▶ [WHAT YOU SHOULD DO] Nothing but the lines from the one containing "by (simp add: couplings_def" to the end of the records below should be output, each exactly as written.

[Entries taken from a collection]
◇ ◇ ◇

lemma distr_mu_p_uminus:
  assumes "0 \<le> q" "q \<le> 1"
  shows "distr (mu_p q) borel uminus = mu_p (1 - q)"
proof (rule measure_eqI)
  fix A :: "real set" assume "A \<in> sets (distr (mu_p q) borel uminus)"
  then have A: "A \<in> sets borel"
    by simp
  moreover have "uminus -` A \<in> sets borel"
    using measurable_sets_borel[of "uminus :: real \<Rightarrow> real" borel A] A by simp
  ultimately show "emeasure (distr (mu_p q) borel uminus) A = emeasure (mu_p (1 - q)) A"
    using assms by (simp add: emeasure_distr emeasure_mu_p indicator_def)
qed simp

lemma sets_unifU [simp, measurable_cong]: "sets unifU = sets borel"
  by (simp add: unifU_def)

lemma space_unifU [simp]: "space unifU = UNIV"
  by (simp add: unifU_def)

lemma prob_space_unifU: "prob_space unifU"
  unfolding unifU_def by (rule prob_space_uniform_measure) auto

lemma emeasure_unifU:
  assumes "A \<in> sets borel"
  shows "emeasure unifU A = emeasure lborel ({-1..1} \<inter> A) / 2"
  using assms by (simp add: unifU_def)

lemma emeasure_unifU_lessThan:
  assumes "-1 \<le> c" "c \<le> 1"
  shows "emeasure unifU {..<c} = ennreal ((1 + c) / 2)"
proof -
  have "{-1..1} \<inter> {..<c} = {-1..<c}"
    using assms by auto
  then show ?thesis
    using assms divide_ennreal[of "1 + c" 2] by (simp add: emeasure_unifU add.commute)
qed

lemma emeasure_unifU_atLeast:
  assumes "-1 \<le> c" "c \<le> 1"
  shows "emeasure unifU {c..} = ennreal ((1 - c) / 2)"
proof -
  have "{-1..1} \<inter> {c..} = {c..1}"
    using assms by auto
  then show ?thesis
    using assms divide_ennreal[of "1 - c" 2] by (simp add: emeasure_unifU)
qed

lemma nn_integral_unifU:
  assumes "f \<in> borel_measurable borel"
  shows "(\<integral>\<^sup>+u. f u \<partial>unifU) = (\<integral>\<^sup>+u. f u * indicator {-1..1} u \<partial>lborel) / 2"
  using assms unfolding unifU_def by (subst nn_integral_uniform_measure) auto

lemma AE_unifU_interior: "AE u in unifU. u \<in> {-1<..<1}"
  unfolding unifU_def
proof (rule AE_uniform_measureI)
  show "AE u in lborel. u \<in> {-1..1} \<longrightarrow> u \<in> {-1<..<1::real}"
    using AE_lborel_singleton[of "-1::real"] AE_lborel_singleton[of "1::real"]
    by eventually_elim auto
qed simp

lemma distr_unifU_uminus: "distr unifU borel uminus = unifU"
proof (rule measure_eqI)
  fix A :: "real set" assume "A \<in> sets (distr unifU borel uminus)"
  then have A: "A \<in> sets borel"
    by simp
  have "uminus -` A \<in> sets borel"
    using measurable_sets_borel[of "uminus :: real \<Rightarrow> real" borel A] A by simp
  moreover have "emeasure lborel ({-1..1} \<inter> uminus -` A) = emeasure (distr lborel borel uminus) ({-1..1} \<inter> A)"
    using A by (subst emeasure_distr) (auto intro!: arg_cong[where f = "emeasure lborel"])
  ultimately show "emeasure (distr unifU borel uminus) A = emeasure unifU A"
    using A by (simp add: emeasure_distr emeasure_unifU lborel_distr_uminus)
qed simp

lemma nn_integral_unifU_abs_I_p_deriv:
  assumes p: "0 < p" "p < 1" and a: "-1 \<le> a" "a \<le> 1"
  shows "(\<integral>\<^sup>+u. ennreal (2 * \<bar>I_p_deriv p u\<bar> * indicator {min a (2 * p - 1)..max a (2 * p - 1)} u) \<partial>unifU)
    = ennreal (I_p p a)"
    (is "(\<integral>\<^sup>+u. ennreal (2 * _ * indicator ?S u) \<partial>unifU) = _")
proof -
  have "(\<integral>\<^sup>+u. ennreal (2 * \<bar>I_p_deriv p u\<bar> * indicator ?S u) \<partial>unifU)
      = (\<integral>\<^sup>+u. ennreal (2 * \<bar>I_p_deriv p u\<bar> * indicator ?S u) * indicator {-1..1} u \<partial>lborel) / 2"
    by (rule nn_integral_unifU) measurable
  also have "(\<integral>\<^sup>+u. ennreal (2 * \<bar>I_p_deriv p u\<bar> * indicator ?S u) * indicator {-1..1} u \<partial>lborel)
      = (\<integral>\<^sup>+u. 2 * ennreal (\<bar>I_p_deriv p u\<bar> * indicator ?S u) \<partial>lborel)"
    using p a by (intro nn_integral_cong) (auto simp: indicator_def ennreal_mult)
  also have "\<dots> = 2 * ennreal (I_p p a)"
    using p a by (simp add: nn_integral_cmult nn_integral_abs_I_p_deriv)
  finally show ?thesis
    using mult_divide_eq_ennreal[of 2 "ennreal (I_p p a)"] by (simp add: mult.commute)
qed

section \<open>Couplings\<close>

lemma measurable_fst_borel [measurable]: "fst \<in> borel_measurable (borel :: (real \<times> real) measure)"
  by (simp add: borel_prod[symmetric])

lemma measurable_snd_borel [measurable]: "snd \<in> borel_measurable (borel :: (real \<times> real) measure)"
  by (simp add: borel_prod[symmetric])

lemma measurable_reflect_borel [measurable]:
  "(\<lambda>(x, u). (- x, - u)) \<in> borel_measurable (borel :: (real \<times> real) measure)"
  by (simp add: borel_prod[symmetric])

lemma couplingsD:
  assumes "\<pi> \<in> couplings \<nu> \<mu>"
  shows "prob_space \<pi>" "sets \<pi> = sets borel" "distr \<pi> borel fst = \<nu>" "distr \<pi> borel snd = \<mu>"
    and "measurable \<pi> M = measurable borel M"
    and "fst \<in> measurable \<pi> borel" "snd \<in> measurable \<pi> borel"
  using assms unfolding couplings_def by (auto intro: measurable_cong_sets)

lemma nn_integral_couplings_fst:
  assumes "\<pi> \<in> couplings \<nu> \<mu>" "f \<in> borel_measurable borel"
  shows "(\<integral>\<^sup>+z. f (fst z) \<partial>\<pi>) = (\<integral>\<^sup>+x. f x \<partial>\<nu>)"
proof -
  have "(\<integral>\<^sup>+x. f x \<partial>\<nu>) = (\<integral>\<^sup>+x. f x \<partial>distr \<pi> borel fst)"
    using couplingsD(3)[OF assms(1)] by simp
  also have "\<dots> = (\<integral>\<^sup>+z. f (fst z) \<partial>\<pi>)"
    using assms(2) by (intro nn_integral_distr couplingsD(6)[OF assms(1)]) simp
  finally show ?thesis ..
qed

lemma nn_integral_couplings_snd:
  assumes "\<pi> \<in> couplings \<nu> \<mu>" "f \<in> borel_measurable borel"
  shows "(\<integral>\<^sup>+z. f (snd z) \<partial>\<pi>) = (\<integral>\<^sup>+u. f u \<partial>\<mu>)"
proof -
  have "(\<integral>\<^sup>+u. f u \<partial>\<mu>) = (\<integral>\<^sup>+u. f u \<partial>distr \<pi> borel snd)"
    using couplingsD(4)[OF assms(1)] by simp
  also have "\<dots> = (\<integral>\<^sup>+z. f (snd z) \<partial>\<pi>)"
    using assms(2) by (intro nn_integral_distr couplingsD(7)[OF assms(1)]) simp
  finally show ?thesis ..
qed

lemma AE_couplings_fst:
  assumes "\<pi> \<in> couplings \<nu> \<mu>" "AE x in \<nu>. P x"
  shows "AE z in \<pi>. P (fst z)"
proof (rule AE_distrD[OF couplingsD(6)[OF assms(1)]])
  show "AE x in distr \<pi> borel fst. P x"
    unfolding couplingsD(3)[OF assms(1)] by (rule assms(2))
qed

lemma AE_couplings_snd:
  assumes "\<pi> \<in> couplings \<nu> \<mu>" "AE u in \<mu>. P u"
  shows "AE z in \<pi>. P (snd z)"
proof (rule AE_distrD[OF couplingsD(7)[OF assms(1)]])
  show "AE u in distr \<pi> borel snd. P u"
    unfolding couplingsD(4)[OF assms(1)] by (rule assms(2))
qed

lemma couplings_dual_le:
  assumes \<pi>: "\<pi> \<in> couplings \<nu> \<mu>" and S: "AE x in \<nu>. x \<in> S" and T: "AE u in \<mu>. u \<in> T"
    and [measurable]: "\<phi> \<in> borel_measurable borel" "\<psi> \<in> borel_measurable borel"
      "\<eta> \<in> borel_measurable borel" "(\<lambda>z. c (fst z) (snd z)) \<in> borel_measurable borel"
    and le: "\<And>x u. x \<in> S \<Longrightarrow> u \<in> T \<Longrightarrow> \<phi> x + \<psi> u \<le> c x u + \<eta> u"
  shows "(\<integral>\<^sup>+x. \<phi> x \<partial>\<nu>) + (\<integral>\<^sup>+u. \<psi> u \<partial>\<mu>)
    \<le> (\<integral>\<^sup>+z. c (fst z) (snd z) \<partial>\<pi>) + (\<integral>\<^sup>+u. \<eta> u \<partial>\<mu>)"
proof -
  have [measurable]: "(\<lambda>z. \<phi> (fst z)) \<in> borel_measurable \<pi>" "(\<lambda>z. \<psi> (snd z)) \<in> borel_measurable \<pi>"
    "(\<lambda>z. \<eta> (snd z)) \<in> borel_measurable \<pi>" "(\<lambda>z. c (fst z) (snd z)) \<in> borel_measurable \<pi>"
    unfolding couplingsD(5)[OF \<pi>] by simp_all
  have "(\<integral>\<^sup>+x. \<phi> x \<partial>\<nu>) + (\<integral>\<^sup>+u. \<psi> u \<partial>\<mu>) = (\<integral>\<^sup>+z. \<phi> (fst z) + \<psi> (snd z) \<partial>\<pi>)"
    using \<pi> by (simp add: nn_integral_add nn_integral_couplings_fst nn_integral_couplings_snd)
  also have "\<dots> \<le> (\<integral>\<^sup>+z. c (fst z) (snd z) + \<eta> (snd z) \<partial>\<pi>)"
  proof (rule nn_integral_mono_AE)
    show "AE z in \<pi>. \<phi> (fst z) + \<psi> (snd z) \<le> c (fst z) (snd z) + \<eta> (snd z)"
      using AE_couplings_fst[OF \<pi> S] AE_couplings_snd[OF \<pi> T] by eventually_elim (rule le)
  qed
  also have "\<dots> = (\<integral>\<^sup>+z. c (fst z) (snd z) \<partial>\<pi>) + (\<integral>\<^sup>+u. \<eta> u \<partial>\<mu>)"
    using \<pi> by (simp add: nn_integral_add nn_integral_couplings_snd)
  finally show ?thesis .
qed

lemma couplings_uminus:
  assumes "\<pi> \<in> couplings \<nu> \<mu>"
  shows "distr \<pi> borel (\<lambda>(x, u). (- x, - u)) \<in> couplings (distr \<nu> borel uminus) (distr \<mu> borel uminus)"
proof -
  note c = couplingsD[OF assms]
  define R :: "real \<times> real \<Rightarrow> real \<times> real" where "R = (\<lambda>(x, u). (- x, - u))"
  have [measurable]: "R \<in> measurable \<pi> borel" "fst \<in> measurable \<pi> borel" "snd \<in> measurable \<pi> borel"
    unfolding c(5) R_def by measurable
  have "distr (distr \<pi> borel R) borel fst = distr \<pi> borel (uminus \<circ> fst)"
    by (subst distr_distr) (measurable, simp add: R_def comp_def split_beta)
  also have "\<dots> = distr \<nu> borel uminus"
    by (subst distr_distr[symmetric]) (measurable, simp add: c(3))
  finally have fst_marginal: "distr (distr \<pi> borel R) borel fst = distr \<nu> borel uminus" .
  have "distr (distr \<pi> borel R) borel snd = distr \<pi> borel (uminus \<circ> snd)"
    by (subst distr_distr) (measurable, simp add: R_def comp_def split_beta)
  also have "\<dots> = distr \<mu> borel uminus"
    by (subst distr_distr[symmetric]) (measurable, simp add: c(4))
  finally have snd_marginal: "distr (distr \<pi> borel R) borel snd = distr \<mu> borel uminus" .
  show ?thesis
    using c fst_marginal snd_marginal unfolding R_def[symmetric]
    by (simp add: couplings_def prob_space.prob_space_distr)
qed

section \<open>The transport cost\<close>

text \<open>\<open>cost_p\<close> is \<open>w_p\<close> with \<open>deriv (I_p p)\<close> replaced by its closed form. The two agree on
  \<open>]-1, 1[\<close>, which carries the whole uniform marginal, and \<open>cost_p\<close> is evidently measurable.\<close>

definition cost_p :: "real \<Rightarrow> real \<Rightarrow> real \<Rightarrow> ennreal" where
  "cost_p p x u = ennreal (2 * \<bar>I_p_deriv p u\<bar> * (if x * ((2 * p - 1) - u) < 0 then 1 else 0))"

◇ ◇ ◇

▶ [TASK OUTPUT]
    by (simp add: couplings_def prob_space.prob_space_distr)
qed

section \<open>The transport cost\<close>

text \<open>\<open>cost_p\<close> is \<open>w_p\<close> with \<open>deriv (I_p p)\<close> replaced by its closed form. The two agree on
  \<open>]-1, 1[\<close>, which carries the whole uniform marginal, and \<open>cost_p\<close> is evidently measurable.\<close>

definition cost_p :: "real \<Rightarrow> real \<Rightarrow> real \<Rightarrow> ennreal" where
  "cost_p p x u = ennreal (2 * \<bar>I_p_deriv p u\<bar> * (if x * ((2 * p - 1) - u) < 0 then 1 else 0))"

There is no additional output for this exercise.